[INPUT]:
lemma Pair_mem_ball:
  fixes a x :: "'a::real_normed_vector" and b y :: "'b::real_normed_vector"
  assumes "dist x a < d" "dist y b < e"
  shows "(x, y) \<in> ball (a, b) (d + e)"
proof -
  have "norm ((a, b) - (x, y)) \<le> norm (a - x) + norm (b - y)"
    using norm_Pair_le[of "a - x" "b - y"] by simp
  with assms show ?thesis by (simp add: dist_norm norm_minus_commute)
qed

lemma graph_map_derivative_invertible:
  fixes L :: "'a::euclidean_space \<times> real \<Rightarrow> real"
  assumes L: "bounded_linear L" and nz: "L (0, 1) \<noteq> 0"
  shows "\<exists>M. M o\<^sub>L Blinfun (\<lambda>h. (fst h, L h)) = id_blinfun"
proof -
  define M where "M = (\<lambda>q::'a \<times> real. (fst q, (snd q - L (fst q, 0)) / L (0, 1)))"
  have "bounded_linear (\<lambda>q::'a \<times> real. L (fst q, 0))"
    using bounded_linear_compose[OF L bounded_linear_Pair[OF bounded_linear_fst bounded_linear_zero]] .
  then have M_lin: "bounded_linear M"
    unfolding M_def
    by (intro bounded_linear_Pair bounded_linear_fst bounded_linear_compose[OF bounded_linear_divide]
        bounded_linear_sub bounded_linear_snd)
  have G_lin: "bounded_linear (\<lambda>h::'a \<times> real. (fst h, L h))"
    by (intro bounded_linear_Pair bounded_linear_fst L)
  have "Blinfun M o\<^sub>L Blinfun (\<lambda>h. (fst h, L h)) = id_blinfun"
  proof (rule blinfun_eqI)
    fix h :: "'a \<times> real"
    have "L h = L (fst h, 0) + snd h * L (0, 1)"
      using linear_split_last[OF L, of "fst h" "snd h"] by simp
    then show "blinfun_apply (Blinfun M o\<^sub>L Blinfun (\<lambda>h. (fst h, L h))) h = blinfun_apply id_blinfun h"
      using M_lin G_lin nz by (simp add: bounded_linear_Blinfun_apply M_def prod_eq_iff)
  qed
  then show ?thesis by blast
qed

[YOUR ASSIGNMENT]:
Produce a verbatim transcript of the material above.

[OUTPUT BELOW]:
lemma Pair_mem_ball:
  fixes a x :: "'a::real_normed_vector" and b y :: "'b::real_normed_vector"
  assumes "dist x a < d" "dist y b < e"
  shows "(x, y) \<in> ball (a, b) (d + e)"
proof -
  have "norm ((a, b) - (x, y)) \<le> norm (a - x) + norm (b - y)"
    using norm_Pair_le[of "a - x" "b - y"] by simp
  with assms show ?thesis by (simp add: dist_norm norm_minus_commute)
qed

lemma graph_map_derivative_invertible:
  fixes L :: "'a::euclidean_space \<times> real \<Rightarrow> real"
  assumes L: "bounded_linear L" and nz: "L (0, 1) \<noteq> 0"
  shows "\<exists>M. M o\<^sub>L Blinfun (\<lambda>h. (fst h, L h)) = id_blinfun"
proof -
  define M where "M = (\<lambda>q::'a \<times> real. (fst q, (snd q - L (fst q, 0)) / L (0, 1)))"
  have "bounded_linear (\<lambda>q::'a \<times> real. L (fst q, 0))"
    using bounded_linear_compose[OF L bounded_linear_Pair[OF bounded_linear_fst bounded_linear_zero]] .
  then have M_lin: "bounded_linear M"
    unfolding M_def
    by (intro bounded_linear_Pair bounded_linear_fst bounded_linear_compose[OF bounded_linear_divide]
        bounded_linear_sub bounded_linear_snd)
  have G_lin: "bounded_linear (\<lambda>h::'a \<times> real. (fst h, L h))"
    by (intro bounded_linear_Pair bounded_linear_fst L)
  have "Blinfun M o\<^sub>L Blinfun (\<lambda>h. (fst h, L h)) = id_blinfun"
  proof (rule blinfun_eqI)
    fix h :: "'a \<times> real"
    have "L h = L (fst h, 0) + snd h * L (0, 1)"
      using linear_split_last[OF L, of "fst h" "snd h"] by simp
    then show "blinfun_apply (Blinfun M o\<^sub>L Blinfun (\<lambda>h. (fst h, L h))) h = blinfun_apply id_blinfun h"
      using M_lin G_lin nz by (simp add: bounded_linear_Blinfun_apply M_def prod_eq_iff)
  qed
  then show ?thesis by blast
qed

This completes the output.